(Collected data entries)
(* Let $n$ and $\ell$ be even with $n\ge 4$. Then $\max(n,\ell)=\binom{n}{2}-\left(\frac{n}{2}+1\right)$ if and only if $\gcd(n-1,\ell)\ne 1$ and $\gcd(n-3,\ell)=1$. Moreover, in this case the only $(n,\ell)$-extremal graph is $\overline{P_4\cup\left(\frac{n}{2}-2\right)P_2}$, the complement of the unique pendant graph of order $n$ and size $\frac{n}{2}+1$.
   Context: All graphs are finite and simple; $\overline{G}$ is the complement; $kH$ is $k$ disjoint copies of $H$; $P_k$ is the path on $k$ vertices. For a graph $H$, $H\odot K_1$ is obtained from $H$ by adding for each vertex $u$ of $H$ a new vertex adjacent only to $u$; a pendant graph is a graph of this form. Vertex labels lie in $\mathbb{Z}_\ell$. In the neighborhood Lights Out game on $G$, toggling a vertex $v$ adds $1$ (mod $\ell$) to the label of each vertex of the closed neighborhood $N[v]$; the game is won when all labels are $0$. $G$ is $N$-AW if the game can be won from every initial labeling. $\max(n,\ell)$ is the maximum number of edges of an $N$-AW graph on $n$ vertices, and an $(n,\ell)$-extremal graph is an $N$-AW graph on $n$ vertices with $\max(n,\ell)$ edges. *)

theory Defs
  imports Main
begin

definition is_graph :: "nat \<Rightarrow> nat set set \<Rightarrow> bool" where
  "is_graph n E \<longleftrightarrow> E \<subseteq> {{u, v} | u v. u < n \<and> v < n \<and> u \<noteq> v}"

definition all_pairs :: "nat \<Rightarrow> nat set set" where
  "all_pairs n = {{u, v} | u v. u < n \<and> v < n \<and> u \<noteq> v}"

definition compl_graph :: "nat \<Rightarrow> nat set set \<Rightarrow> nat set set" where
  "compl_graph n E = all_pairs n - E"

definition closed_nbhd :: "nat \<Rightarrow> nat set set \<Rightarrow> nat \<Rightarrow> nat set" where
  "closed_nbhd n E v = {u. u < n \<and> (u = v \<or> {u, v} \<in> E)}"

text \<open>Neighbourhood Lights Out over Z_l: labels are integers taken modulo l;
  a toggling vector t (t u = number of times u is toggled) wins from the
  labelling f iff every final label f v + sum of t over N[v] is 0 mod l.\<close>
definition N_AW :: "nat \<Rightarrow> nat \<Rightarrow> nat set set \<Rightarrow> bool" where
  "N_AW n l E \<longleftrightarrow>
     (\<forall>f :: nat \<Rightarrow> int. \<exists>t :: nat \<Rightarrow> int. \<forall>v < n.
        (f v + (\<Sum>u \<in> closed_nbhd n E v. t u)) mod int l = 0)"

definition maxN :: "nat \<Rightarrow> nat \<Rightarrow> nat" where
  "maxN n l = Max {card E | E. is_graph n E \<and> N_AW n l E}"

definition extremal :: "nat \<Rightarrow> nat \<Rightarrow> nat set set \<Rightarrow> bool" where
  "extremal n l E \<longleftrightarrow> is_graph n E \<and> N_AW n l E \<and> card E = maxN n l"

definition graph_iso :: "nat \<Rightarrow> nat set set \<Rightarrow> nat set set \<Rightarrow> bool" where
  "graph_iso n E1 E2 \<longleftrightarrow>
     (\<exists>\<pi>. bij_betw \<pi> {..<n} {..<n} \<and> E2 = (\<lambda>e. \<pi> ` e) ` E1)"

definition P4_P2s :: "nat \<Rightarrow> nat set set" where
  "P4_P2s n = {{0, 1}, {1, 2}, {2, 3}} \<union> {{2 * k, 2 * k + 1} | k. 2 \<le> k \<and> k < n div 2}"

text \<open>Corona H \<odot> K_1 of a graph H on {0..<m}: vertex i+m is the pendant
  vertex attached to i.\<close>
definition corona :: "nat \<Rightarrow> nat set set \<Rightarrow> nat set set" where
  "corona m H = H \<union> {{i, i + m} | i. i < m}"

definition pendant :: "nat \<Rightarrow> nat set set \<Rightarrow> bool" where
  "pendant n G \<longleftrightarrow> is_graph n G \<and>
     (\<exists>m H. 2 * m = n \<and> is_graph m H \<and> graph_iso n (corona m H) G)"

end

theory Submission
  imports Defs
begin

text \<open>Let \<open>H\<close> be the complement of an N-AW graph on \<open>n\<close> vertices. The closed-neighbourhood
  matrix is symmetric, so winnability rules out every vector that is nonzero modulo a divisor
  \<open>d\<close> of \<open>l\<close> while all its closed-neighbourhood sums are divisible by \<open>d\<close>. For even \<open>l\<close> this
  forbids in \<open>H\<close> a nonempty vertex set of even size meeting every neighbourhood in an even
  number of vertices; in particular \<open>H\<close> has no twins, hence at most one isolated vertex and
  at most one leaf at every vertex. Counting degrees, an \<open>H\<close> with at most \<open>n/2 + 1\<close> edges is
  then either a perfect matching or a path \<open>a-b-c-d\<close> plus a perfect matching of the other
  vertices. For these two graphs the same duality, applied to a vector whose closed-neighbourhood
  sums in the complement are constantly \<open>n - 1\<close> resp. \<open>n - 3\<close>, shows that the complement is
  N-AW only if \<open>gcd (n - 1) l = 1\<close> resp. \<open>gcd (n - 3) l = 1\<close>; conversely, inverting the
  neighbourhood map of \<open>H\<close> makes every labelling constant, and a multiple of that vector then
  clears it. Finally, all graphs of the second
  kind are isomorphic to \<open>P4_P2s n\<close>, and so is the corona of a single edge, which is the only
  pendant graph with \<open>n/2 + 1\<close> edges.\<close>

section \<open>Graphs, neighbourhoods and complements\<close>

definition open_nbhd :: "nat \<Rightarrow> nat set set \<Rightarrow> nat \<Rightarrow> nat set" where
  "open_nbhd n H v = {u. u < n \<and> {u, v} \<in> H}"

#### Assignment
Reproduce the final stretch of the data above: every line from the one holding "N-AW only if" through the end, inclusive, exactly as written and nothing else.

#### Result
  N-AW only if \<open>gcd (n - 1) l = 1\<close> resp. \<open>gcd (n - 3) l = 1\<close>; conversely, inverting the
  neighbourhood map of \<open>H\<close> makes every labelling constant, and a multiple of that vector then
  clears it. Finally, all graphs of the second
  kind are isomorphic to \<open>P4_P2s n\<close>, and so is the corona of a single edge, which is the only
  pendant graph with \<open>n/2 + 1\<close> edges.\<close>

section \<open>Graphs, neighbourhoods and complements\<close>

definition open_nbhd :: "nat \<Rightarrow> nat set set \<Rightarrow> nat \<Rightarrow> nat set" where
  "open_nbhd n H v = {u. u < n \<and> {u, v} \<in> H}"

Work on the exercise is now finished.